Which is, again, just good SEO and PR. There’s no secret GEO lever to pull.

The One Thing GEO Gets Right

If there’s a genuine insight buried in the GEO conversation, it’s this: thin, generic content is more dead than ever.

AI can produce generic content at infinite scale. If your blog post is a surface-level overview that could have been written by ChatGPT, it offers nothing that AI search can’t already deliver. The only content that survives in this environment is content with genuine perspective, specific expertise, or original information that doesn’t exist anywhere else.

That’s not a GEO insight.
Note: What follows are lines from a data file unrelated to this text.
lemma good_start_exists:
  obtains k where "dist (z (k + 2)) zs < \<rho> / 2" and "ereal (excess (k + 2)) < \<eta>"
    and "tail_bound k < (1 - am - bm) * \<rho> / 2"
proof -
  have excess2: "(\<lambda>k. excess (k + 2)) \<longlonglongrightarrow> 0"
    using LIMSEQ_ignore_initial_segment[OF excess_tendsto_0, of 1] by (simp add: numeral_2_eq_2)
  then have "(\<lambda>k. ereal (excess (k + 2))) \<longlonglongrightarrow> ereal 0" by (rule tendsto_ereal)
  then have ev\<eta>: "\<forall>\<^sub>F k in sequentially. ereal (excess (k + 2)) < \<eta>"
    using \<eta>_pos by (intro order_tendstoD(2)) (auto simp: zero_ereal_def)
  have "\<forall>\<^sub>F k in sequentially. excess (k + 2) \<in> {s. 0 \<le> s \<and> ereal s < \<eta>}"
    using ev\<eta> by eventually_elim (use excess_nonneg in auto)
  then have "(\<lambda>k. \<phi> (excess (k + 2))) \<longlonglongrightarrow> \<phi> 0"
    using \<eta>_pos by (intro continuous_on_tendsto_compose[OF \<phi>_cont excess2]) (auto simp: zero_ereal_def)
  moreover have "(\<lambda>k. gap (k + 1)) \<longlonglongrightarrow> 0" "(\<lambda>k. step_length (k + 1)) \<longlonglongrightarrow> 0"
    by (rule LIMSEQ_ignore_initial_segment[OF gap_tendsto_0]
        LIMSEQ_ignore_initial_segment[OF step_length_tendsto_0])+
  ultimately have "tail_bound \<longlonglongrightarrow> 0 + b / c * 0 + am * 0 + bm * (0 + 0)"
    unfolding \<phi>_zero by (intro tendsto_intros step_length_tendsto_0)
  then have "\<forall>\<^sub>F k in sequentially. tail_bound k < (1 - am - bm) * \<rho> / 2"
    using am_bm_less \<rho>_pos by (intro order_tendstoD(2)) auto
  with ev\<eta> obtain N where N: "\<And>k. N \<le> k \<Longrightarrow>
      ereal (excess (k + 2)) < \<eta> \<and> tail_bound k < (1 - am - bm) * \<rho> / 2"
    unfolding eventually_sequentially
    by (metis (no_types, lifting) eventually_conj eventually_sequentially)
  have "\<forall>\<^sub>F j in sequentially. dist (z (r j)) zs < \<rho> / 2"
    using tendstoD[OF cluster, of "\<rho> / 2"] \<rho>_pos by (simp add: o_def)
  then obtain j where j: "dist (z (r j)) zs < \<rho> / 2" "N + 2 \<le> j"
    using eventually_ge_at_top[of "N + 2"]
    by (metis (no_types, lifting) eventually_conj eventually_sequentially order_refl)
  then have "N \<le> r j - 2" "r j - 2 + 2 = r j" using seq_suble[OF subseq, of j] by auto
  then show ?thesis using that[of "r j - 2"] N j(1) by metis
qed

context
  fixes k :: nat
  assumes start_close: "dist (z (k + 2)) zs < \<rho> / 2"
    and start_excess: "ereal (excess (k + 2)) < \<eta>"
    and start_tail: "tail_bound k < (1 - am - bm) * \<rho> / 2"
begin

lemma excess_below_\<eta>: "k + 2 \<le> n \<Longrightarrow> ereal (excess n) < \<eta>"
  using excess_antimono[of "k + 2" n] start_excess by (auto intro: le_less_trans[rotated])

lemma tail_sum_bound:
  assumes in_ball: "\<And>n. k + 2 \<le> n \<Longrightarrow> n \<le> k + 2 + m \<Longrightarrow> z n \<in> ball zs \<rho>"
  shows "(\<Sum>n\<in>{k+2..k+2+m}. step_length n) < \<rho> / 2"
proof -
  have "(\<Sum>n\<in>{Suc (k + 1)..k + 2 + m}. gap n) + gap (k + 2 + m) \<le>
      gap (k + 1) + b / c * (\<phi> (excess (Suc (k + 1))) - \<phi> (excess (Suc (k + 2 + m))))"
    by (rule telescoping_two_step_sum) (use KL_step in_ball excess_below_\<eta> in auto)
  moreover have "{Suc (k + 1)..k + 2 + m} = {k + 2..k + 2 + m}" "Suc (k + 1) = k + 2" by auto
  ultimately have "(\<Sum>n\<in>{k+2..k+2+m}. gap n) + gap (k + 2 + m) \<le>
      gap (k + 1) + b / c * \<phi> (excess (k + 2)) - b / c * \<phi> (excess (Suc (k + 2 + m)))"
    by (simp only: right_diff_distrib add_diff_eq)
  moreover have "0 \<le> b / c * \<phi> (excess (Suc (k + 2 + m)))"
    using b_nonneg c_pos excess_nonneg[of "Suc (k + 2 + m)"] excess_below_\<eta>[of "Suc (k + 2 + m)"]
    by (simp add: \<phi>_nonneg)
  moreover have "0 \<le> gap (k + 2 + m)" by simp
  ultimately have "(\<Sum>n\<in>{k+2..k+2+m}. gap n) \<le> gap (k + 1) + b / c * \<phi> (excess (k + 2))"
    by linarith
  moreover have "(1 - am - bm) * (\<Sum>n\<in>{k+2..k+2+m}. step_length n)
      + am * step_length (k+2+m) + bm * (step_length (k+2+m) + step_length (k+1+m))
     \<le> (\<Sum>n\<in>{k+2..k+2+m}. gap n) + am * step_length (k+1) + bm * (step_length (k+1) + step_length k)"
    by (rule inertial_recursion_sum[OF _ step_length_recursion am_nonneg bm_nonneg]) simp
  moreover have "0 \<le> am * step_length (k+2+m) + bm * (step_length (k+2+m) + step_length (k+1+m))"
    using am_nonneg bm_nonneg by simp
  ultimately have "(1 - am - bm) * (\<Sum>n\<in>{k+2..k+2+m}. step_length n) < (1 - am - bm) * (\<rho> / 2)"
    using start_tail by linarith
  then show ?thesis using am_bm_less by simp
qed

lemma tail_in_ball: "k + 2 \<le> n \<Longrightarrow> z n \<in> ball zs \<rho>"
proof -
  have "\<forall>n. k + 2 \<le> n \<longrightarrow> n \<le> k + 2 + m \<longrightarrow> z n \<in> ball zs \<rho>" for m
  proof (induction m)
    case 0
    show ?case using start_close \<rho>_pos by (auto simp: dist_commute)
  next
    case (Suc m)
    have "norm (z (Suc (k + 2 + m)) - z (k + 2)) \<le> (\<Sum>n\<in>{k+2..k+2+m}. step_length n)"
      by (rule norm_diff_le_sum_steps) simp
    also have "\<dots> < \<rho> / 2" using tail_sum_bound Suc.IH by blast
    finally have "dist zs (z (Suc (k + 2 + m))) < \<rho>"
      using start_close norm_triangle_ineq[of "z (Suc (k+2+m)) - z (k+2)" "z (k+2) - zs"]
      by (simp add: dist_norm norm_minus_commute)
    then show ?case using Suc.IH by (auto simp: le_Suc_eq)
  qed
  then show "k + 2 \<le> n \<Longrightarrow> z n \<in> ball zs \<rho>" for n by (metis le_add_diff_inverse order_refl)
qed

lemma finite_length_from_start: "summable step_length"
proof (rule summableI_nonneg_bounded)
  fix N
  have "(\<Sum>n<N. step_length n) \<le> (\<Sum>n\<in>{..<k+2} \<union> {k+2..k+2+N}. step_length n)"
    by (rule sum_mono2) auto
  also have "\<dots> = (\<Sum>n<k+2. step_length n) + (\<Sum>n\<in>{k+2..k+2+N}. step_length n)"
    by (rule sum.union_disjoint) auto
  also have "\<dots> \<le> (\<Sum>n<k+2. step_length n) + \<rho> / 2"
    using tail_sum_bound[of N] tail_in_ball by fastforce
  finally show "(\<Sum>n<N. step_length n) \<le> (\<Sum>n<k+2. step_length n) + \<rho> / 2" .
qed simp

end

lemma finite_length: "summable step_length"
  using good_start_exists finite_length_from_start by blast

lemma tendsto_cluster_point: "z \<longlonglongrightarrow> zs"
proof -
  have "summable (\<lambda>n. z (Suc n) - z n)" using finite_length by (rule summable_norm_cancel)
  then have "(\<lambda>n. \<Sum>i<n. z (Suc i) - z i) \<longlonglongrightarrow> (\<Sum>n. z (Suc n) - z n)"
    by (rule summable_LIMSEQ)
  then have "(\<lambda>n. z n - z 0) \<longlonglongrightarrow> (\<Sum>n. z (Suc n) - z n)"
    by (simp add: sum_lessThan_telescope)
  then have "(\<lambda>n. z n - z 0 + z 0) \<longlonglongrightarrow> (\<Sum>n. z (Suc n) - z n) + z 0"
    by (intro tendsto_add tendsto_const)
  then have lim: "z \<longlonglongrightarrow> (\<Sum>n. z (Suc n) - z n) + z 0" by simp
  then have "(\<Sum>n. z (Suc n) - z n) + z 0 = zs"
    using LIMSEQ_unique[OF LIMSEQ_subseq_LIMSEQ[OF lim subseq] cluster] by simp
  then show ?thesis using lim by simp
qed

lemma cluster_point_critical: "0 \<in> lim_subdiff F zs"
proof -
  obtain W where W: "\<And>k. W k \<in> lim_subdiff F (z (Suc k))" "\<And>k. norm (W k) \<le> b * gap k"
    using relative_error by metis
  have "(\<lambda>k. b * gap k) \<longlonglongrightarrow> b * 0" by (intro tendsto_mult tendsto_const gap_tendsto_0)
  then have "W \<longlonglongrightarrow> 0" using W(2) by (intro Lim_null_comparison[of W]) auto
  moreover have "(\<lambda>k. z (Suc k)) \<longlonglongrightarrow> zs"
    using LIMSEQ_ignore_initial_segment[OF tendsto_cluster_point, of 1] by simp
  ultimately show ?thesis
    using lim_subdiff_closed[OF _ F_eq_G[OF z_in_D] F_eq_G[OF zs_in_D]
        cluster_point_values(2)[OF subseq cluster] W(1)] by blast
qed

end

theorem (in inertial_KL_descent) finite_length_and_critical_limit:
  "summable step_length \<and> (\<exists>zs. z \<longlonglongrightarrow> zs \<and> 0 \<in> lim_subdiff F zs)"
proof -
  obtain r zs where r: "strict_mono r" "(z \<circ> r) \<longlonglongrightarrow> zs"
    using bounded_imp_convergent_subsequence[OF bounded_z] by blast
  from KL[OF cluster_point_values(1)[OF r]] obtain \<eta> U \<phi> \<phi>' where KLd: "0 < \<eta>" "open U" "zs \<in> U"
      "continuous_on {s. 0 \<le> s \<and> ereal s < \<eta>} \<phi>" "concave_on {s. 0 \<le> s \<and> ereal s < \<eta>} \<phi>"
      "\<forall>s. 0 \<le> s \<and> ereal s < \<eta> \<longrightarrow> 0 \<le> \<phi> s" "\<phi> 0 = 0"
      "\<forall>s. 0 < s \<and> ereal s < \<eta> \<longrightarrow> (\<phi> has_real_derivative \<phi>' s) (at s) \<and> 0 < \<phi>' s"
      "\<forall>x\<in>U. F zs < F x \<and> F x < F zs + \<eta> \<longrightarrow> lim_subdiff F x \<noteq> {} \<longrightarrow>
            \<phi>' (real_of_ereal (F x - F zs)) * infdist 0 (lim_subdiff F x) \<ge> 1"
    unfolding KL_at_def by blast
  obtain \<rho> where "0 < \<rho>" "ball zs \<rho> \<subseteq> U" using KLd(2,3) open_contains_ball by blast
  then have KL_ball: "\<And>u. u \<in> ball zs \<rho> \<Longrightarrow> F zs < F u \<Longrightarrow> F u < F zs + \<eta> \<Longrightarrow>
      lim_subdiff F u \<noteq> {} \<Longrightarrow> 1 \<le> \<phi>' (real_of_ereal (F u - F zs)) * infdist 0 (lim_subdiff F u)"
    using KLd(9) by blast
  interpret inertial_KL_descent_at_cluster F G D z zh c b am bm r zs \<eta> \<rho> \<phi> \<phi>'
    by unfold_locales (use r KLd \<open>0 < \<rho>\<close> KL_ball in \<open>auto simp del: mem_ball\<close>)
  show ?thesis using finite_length tendsto_cluster_point cluster_point_critical by blast
qed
That’s just the natural conclusion of where SEO has been heading for years. Google has been trying to reward genuine expertise over content farms since at least 2011. AI is just accelerating the same direction.

What You Should Actually Do

Ignore GEO as a separate discipline. Do this instead:

  1. Write content that’s actually better than everything else on the topic. Not longer. Better. More specific, more honest, more useful.
  2. Structure it clearly. Use headings that answer real questions. Answer those questions directly and early, not buried in padding.
  3. Build genuine authority. Get referenced by other credible sources in your industry. Be quoted. Get reviewed. Exist beyond your own website.
  4. Target intent that AI can’t satisfy. Move towards content that requires real context, comparison, or decision-making — not just information retrieval.
  5. Track what’s actually happening to your traffic. If you’re seeing AI Overview cannibalisation on specific queries, that’s useful data. Pivot those pages towards deeper content or different intent.

None of this requires you to hire a GEO specialist. It requires you to do SEO well — which, frankly, is harder and more valuable than any acronym.

The Bottom Line

The SEO industry has a long history of inventing urgency. Remember when mobile SEO was going to kill everything? When voice search was the future? Some of these shifts were real. Most were overstated by people who needed a new service to sell.

GEO is the current version of that. The underlying shift — AI changing how people get answers — is real. The idea that it requires a fundamentally different approach to how you create and optimise content is not. Good content, well structured, from a credible source, that genuinely answers what people are asking. That’s it. It worked before GEO existed. It’ll work after GEO is forgotten.